# Directions for this task
Write out again, exactly, the lines below starting at the one with "(of_nat (Suc j)" and ending at the one with "using degree_mult_le[of A".

# Provided records
=== Begin Enclosure ===

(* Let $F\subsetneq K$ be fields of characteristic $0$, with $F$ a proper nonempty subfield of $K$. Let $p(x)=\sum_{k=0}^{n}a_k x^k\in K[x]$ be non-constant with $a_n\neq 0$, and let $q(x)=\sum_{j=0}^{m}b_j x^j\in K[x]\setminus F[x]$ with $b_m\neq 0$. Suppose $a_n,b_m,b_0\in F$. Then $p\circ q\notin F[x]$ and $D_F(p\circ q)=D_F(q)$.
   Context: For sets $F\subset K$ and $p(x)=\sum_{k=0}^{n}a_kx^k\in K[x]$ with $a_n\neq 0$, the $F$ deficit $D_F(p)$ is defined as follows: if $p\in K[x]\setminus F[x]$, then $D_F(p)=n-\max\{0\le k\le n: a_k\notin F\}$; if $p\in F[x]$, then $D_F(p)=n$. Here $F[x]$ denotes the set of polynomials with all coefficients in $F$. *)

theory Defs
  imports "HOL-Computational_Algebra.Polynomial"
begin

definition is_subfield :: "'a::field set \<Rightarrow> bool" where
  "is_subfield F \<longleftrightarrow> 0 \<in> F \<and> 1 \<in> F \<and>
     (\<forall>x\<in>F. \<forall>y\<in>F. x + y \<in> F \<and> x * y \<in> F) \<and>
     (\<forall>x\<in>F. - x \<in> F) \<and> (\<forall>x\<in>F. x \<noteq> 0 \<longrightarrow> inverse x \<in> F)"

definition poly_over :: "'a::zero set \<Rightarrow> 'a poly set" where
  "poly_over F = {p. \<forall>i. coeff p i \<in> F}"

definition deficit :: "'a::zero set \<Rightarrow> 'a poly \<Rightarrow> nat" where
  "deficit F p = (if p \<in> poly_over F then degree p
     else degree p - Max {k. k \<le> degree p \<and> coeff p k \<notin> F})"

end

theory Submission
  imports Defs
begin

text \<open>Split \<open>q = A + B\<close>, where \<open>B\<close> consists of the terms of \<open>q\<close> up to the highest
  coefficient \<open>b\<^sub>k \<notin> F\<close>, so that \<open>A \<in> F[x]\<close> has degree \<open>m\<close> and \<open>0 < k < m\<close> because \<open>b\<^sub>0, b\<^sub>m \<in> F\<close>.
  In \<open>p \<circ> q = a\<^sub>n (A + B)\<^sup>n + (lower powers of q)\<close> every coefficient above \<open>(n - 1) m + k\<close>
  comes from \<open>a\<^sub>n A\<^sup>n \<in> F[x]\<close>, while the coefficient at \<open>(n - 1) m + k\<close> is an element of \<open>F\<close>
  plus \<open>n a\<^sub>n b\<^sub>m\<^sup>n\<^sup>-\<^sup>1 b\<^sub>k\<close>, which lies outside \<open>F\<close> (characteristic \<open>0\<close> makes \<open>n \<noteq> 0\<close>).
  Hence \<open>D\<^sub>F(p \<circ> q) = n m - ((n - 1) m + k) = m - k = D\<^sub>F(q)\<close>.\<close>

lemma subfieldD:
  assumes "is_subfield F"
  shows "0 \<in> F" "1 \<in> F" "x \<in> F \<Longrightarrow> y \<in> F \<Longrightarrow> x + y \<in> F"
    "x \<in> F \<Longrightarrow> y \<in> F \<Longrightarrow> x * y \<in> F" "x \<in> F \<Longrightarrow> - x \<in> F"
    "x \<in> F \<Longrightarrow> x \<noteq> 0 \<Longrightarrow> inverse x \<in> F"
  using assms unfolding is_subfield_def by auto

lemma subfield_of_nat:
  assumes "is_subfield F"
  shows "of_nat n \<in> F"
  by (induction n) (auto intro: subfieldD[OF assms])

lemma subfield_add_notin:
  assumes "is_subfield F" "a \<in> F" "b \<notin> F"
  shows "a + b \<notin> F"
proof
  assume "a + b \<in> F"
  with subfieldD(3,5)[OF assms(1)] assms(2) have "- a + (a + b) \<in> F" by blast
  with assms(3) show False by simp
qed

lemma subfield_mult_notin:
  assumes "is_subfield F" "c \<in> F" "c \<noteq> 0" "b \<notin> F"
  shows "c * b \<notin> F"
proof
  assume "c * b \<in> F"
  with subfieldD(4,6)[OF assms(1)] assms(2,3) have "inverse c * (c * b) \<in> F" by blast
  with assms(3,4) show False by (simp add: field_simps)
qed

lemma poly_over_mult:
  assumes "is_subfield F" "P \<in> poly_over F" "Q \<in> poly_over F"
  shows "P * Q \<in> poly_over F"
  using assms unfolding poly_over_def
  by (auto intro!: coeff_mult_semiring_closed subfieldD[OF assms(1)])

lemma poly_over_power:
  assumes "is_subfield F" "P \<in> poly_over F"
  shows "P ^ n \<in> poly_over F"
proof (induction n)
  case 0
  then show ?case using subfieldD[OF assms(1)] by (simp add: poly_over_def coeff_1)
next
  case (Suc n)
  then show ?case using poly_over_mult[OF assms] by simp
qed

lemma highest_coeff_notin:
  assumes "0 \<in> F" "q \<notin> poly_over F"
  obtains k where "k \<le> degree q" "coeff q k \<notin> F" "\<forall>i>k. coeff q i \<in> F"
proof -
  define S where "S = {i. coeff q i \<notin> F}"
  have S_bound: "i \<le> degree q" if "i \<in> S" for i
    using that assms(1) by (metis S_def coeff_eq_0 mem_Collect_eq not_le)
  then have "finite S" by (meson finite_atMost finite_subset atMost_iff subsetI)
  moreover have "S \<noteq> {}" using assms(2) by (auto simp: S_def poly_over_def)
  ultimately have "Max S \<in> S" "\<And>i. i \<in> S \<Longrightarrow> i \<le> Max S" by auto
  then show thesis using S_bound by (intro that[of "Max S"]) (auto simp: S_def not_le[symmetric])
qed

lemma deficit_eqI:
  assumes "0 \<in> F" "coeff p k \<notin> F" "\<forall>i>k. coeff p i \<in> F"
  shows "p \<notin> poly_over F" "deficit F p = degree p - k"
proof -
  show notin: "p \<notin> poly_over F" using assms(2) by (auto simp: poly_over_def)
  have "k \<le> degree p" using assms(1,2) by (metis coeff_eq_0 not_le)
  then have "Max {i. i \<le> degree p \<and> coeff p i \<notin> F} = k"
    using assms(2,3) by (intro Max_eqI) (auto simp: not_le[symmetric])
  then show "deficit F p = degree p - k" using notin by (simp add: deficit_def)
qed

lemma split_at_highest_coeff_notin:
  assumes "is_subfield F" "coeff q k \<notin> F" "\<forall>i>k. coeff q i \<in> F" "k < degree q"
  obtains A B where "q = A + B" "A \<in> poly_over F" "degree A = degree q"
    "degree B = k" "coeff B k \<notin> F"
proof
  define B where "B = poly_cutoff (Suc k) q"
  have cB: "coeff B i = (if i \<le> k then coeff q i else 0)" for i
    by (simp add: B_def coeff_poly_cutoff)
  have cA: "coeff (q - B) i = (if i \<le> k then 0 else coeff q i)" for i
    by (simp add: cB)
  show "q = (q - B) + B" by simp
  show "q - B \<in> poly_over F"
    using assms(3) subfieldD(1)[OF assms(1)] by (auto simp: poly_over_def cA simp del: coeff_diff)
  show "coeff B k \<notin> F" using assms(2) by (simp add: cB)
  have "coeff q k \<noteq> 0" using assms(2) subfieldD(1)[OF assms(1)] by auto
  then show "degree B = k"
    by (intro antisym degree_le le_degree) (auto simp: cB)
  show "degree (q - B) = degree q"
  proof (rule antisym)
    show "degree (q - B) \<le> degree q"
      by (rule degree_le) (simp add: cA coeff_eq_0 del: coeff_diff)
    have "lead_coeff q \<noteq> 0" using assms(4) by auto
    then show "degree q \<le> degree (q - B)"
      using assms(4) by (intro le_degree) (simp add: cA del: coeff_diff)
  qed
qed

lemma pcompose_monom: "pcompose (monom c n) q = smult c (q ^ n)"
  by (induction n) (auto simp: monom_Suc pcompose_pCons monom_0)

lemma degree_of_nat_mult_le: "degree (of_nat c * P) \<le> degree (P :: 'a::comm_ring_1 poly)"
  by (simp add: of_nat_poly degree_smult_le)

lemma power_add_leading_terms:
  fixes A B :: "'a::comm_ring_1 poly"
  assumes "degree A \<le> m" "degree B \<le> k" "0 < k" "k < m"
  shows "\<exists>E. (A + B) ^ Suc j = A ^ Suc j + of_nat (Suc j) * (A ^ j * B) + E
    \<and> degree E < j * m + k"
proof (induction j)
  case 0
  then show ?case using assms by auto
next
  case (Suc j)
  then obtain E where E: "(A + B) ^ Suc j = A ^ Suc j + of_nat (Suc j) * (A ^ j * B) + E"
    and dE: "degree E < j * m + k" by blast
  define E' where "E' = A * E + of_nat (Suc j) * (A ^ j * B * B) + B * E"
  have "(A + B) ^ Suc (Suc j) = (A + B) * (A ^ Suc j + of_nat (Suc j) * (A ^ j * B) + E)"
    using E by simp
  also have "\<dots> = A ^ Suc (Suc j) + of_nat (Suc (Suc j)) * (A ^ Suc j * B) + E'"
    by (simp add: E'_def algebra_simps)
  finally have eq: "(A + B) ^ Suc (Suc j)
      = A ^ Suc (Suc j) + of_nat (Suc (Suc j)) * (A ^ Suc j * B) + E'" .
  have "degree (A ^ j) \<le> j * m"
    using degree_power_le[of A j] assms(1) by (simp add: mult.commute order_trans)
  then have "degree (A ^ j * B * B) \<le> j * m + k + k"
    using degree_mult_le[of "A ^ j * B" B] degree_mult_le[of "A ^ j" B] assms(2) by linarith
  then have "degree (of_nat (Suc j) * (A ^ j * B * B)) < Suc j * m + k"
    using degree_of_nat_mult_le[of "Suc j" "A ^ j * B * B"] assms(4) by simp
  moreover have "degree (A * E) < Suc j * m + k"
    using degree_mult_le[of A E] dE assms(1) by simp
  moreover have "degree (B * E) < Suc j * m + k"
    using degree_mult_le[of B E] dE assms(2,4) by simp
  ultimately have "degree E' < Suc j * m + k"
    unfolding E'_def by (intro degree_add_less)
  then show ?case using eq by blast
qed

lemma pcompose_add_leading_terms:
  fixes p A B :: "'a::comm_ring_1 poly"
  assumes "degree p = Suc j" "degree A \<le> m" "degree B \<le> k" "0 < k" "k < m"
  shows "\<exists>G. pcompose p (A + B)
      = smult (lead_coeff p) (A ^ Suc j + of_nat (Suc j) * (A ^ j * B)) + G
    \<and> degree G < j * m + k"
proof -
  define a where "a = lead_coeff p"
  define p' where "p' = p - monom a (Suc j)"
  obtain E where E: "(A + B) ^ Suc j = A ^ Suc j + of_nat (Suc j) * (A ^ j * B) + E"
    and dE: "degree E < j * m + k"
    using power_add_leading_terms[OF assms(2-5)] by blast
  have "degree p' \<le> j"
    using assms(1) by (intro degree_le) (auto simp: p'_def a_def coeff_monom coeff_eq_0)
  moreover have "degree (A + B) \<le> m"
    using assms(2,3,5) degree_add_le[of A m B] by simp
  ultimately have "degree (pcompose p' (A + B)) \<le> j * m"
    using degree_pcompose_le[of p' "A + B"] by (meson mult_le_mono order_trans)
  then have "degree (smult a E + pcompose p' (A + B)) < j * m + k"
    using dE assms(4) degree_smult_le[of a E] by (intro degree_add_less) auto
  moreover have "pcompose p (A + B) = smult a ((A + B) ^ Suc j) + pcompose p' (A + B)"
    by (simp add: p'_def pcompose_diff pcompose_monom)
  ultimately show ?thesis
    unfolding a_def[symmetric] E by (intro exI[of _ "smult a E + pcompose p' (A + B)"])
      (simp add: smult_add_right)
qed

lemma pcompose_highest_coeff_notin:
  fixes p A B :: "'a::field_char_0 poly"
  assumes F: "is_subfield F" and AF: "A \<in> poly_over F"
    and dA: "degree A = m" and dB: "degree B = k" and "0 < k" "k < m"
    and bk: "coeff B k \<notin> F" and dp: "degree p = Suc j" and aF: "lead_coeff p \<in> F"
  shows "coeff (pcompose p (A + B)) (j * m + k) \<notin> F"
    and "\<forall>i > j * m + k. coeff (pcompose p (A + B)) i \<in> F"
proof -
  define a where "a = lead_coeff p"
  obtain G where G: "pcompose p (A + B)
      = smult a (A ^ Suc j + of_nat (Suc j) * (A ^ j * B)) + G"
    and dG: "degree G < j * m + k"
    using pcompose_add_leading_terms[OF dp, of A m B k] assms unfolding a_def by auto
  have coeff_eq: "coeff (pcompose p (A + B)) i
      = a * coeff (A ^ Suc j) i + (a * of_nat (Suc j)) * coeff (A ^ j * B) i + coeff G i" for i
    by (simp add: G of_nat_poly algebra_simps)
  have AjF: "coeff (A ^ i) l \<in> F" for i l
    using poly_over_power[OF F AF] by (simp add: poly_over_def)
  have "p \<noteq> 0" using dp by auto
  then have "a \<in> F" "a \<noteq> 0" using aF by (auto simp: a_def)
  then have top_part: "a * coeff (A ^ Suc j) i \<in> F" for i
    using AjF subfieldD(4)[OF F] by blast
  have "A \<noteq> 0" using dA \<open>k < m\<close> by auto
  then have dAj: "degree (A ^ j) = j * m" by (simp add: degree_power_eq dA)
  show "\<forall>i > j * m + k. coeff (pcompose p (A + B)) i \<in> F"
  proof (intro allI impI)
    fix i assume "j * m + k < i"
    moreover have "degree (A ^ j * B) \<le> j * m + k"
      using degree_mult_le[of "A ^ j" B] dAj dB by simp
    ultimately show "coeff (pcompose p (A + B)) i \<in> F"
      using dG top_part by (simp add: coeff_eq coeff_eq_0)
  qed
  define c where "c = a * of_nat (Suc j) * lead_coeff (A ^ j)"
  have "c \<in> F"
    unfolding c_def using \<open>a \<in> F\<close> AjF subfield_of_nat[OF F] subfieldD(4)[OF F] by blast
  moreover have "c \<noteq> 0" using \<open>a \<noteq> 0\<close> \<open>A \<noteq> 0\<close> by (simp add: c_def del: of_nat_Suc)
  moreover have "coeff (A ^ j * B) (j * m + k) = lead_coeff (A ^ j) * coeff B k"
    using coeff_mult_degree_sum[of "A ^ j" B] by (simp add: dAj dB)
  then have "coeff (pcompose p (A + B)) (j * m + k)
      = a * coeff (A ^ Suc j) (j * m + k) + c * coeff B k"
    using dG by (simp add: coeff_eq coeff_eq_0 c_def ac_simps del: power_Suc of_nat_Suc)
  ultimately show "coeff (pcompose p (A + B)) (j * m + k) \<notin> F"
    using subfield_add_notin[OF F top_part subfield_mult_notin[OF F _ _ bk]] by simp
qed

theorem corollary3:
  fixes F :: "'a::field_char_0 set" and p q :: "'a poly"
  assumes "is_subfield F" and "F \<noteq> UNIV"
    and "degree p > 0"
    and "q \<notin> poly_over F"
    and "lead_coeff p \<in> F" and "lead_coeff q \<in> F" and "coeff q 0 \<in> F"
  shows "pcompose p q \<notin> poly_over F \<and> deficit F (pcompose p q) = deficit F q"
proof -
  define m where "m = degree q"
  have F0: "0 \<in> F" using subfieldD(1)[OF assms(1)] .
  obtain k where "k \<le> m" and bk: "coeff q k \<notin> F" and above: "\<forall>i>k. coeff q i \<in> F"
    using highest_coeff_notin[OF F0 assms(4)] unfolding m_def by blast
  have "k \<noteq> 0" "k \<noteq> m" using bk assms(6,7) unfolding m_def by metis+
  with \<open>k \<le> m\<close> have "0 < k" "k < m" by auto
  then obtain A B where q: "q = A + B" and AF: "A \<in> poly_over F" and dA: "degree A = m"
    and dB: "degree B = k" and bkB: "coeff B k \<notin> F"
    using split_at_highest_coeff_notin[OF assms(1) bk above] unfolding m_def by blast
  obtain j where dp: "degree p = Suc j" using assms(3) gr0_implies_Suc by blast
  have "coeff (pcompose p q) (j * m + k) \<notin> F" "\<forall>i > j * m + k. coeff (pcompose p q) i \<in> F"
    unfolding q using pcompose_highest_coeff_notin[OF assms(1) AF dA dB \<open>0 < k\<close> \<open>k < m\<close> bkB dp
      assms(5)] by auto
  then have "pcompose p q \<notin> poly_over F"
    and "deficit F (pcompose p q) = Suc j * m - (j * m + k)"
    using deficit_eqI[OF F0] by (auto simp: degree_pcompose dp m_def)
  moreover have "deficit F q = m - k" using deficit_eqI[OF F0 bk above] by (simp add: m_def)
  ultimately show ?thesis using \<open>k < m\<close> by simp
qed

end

=== End Enclosure ===

# Result of this task
  then have "degree (of_nat (Suc j) * (A ^ j * B * B)) < Suc j * m + k"
    using degree_of_nat_mult_le[of "Suc j" "A ^ j * B * B"] assms(4) by simp
  moreover have "degree (A * E) < Suc j * m + k"
    using degree_mult_le[of A E] dE assms(1) by simp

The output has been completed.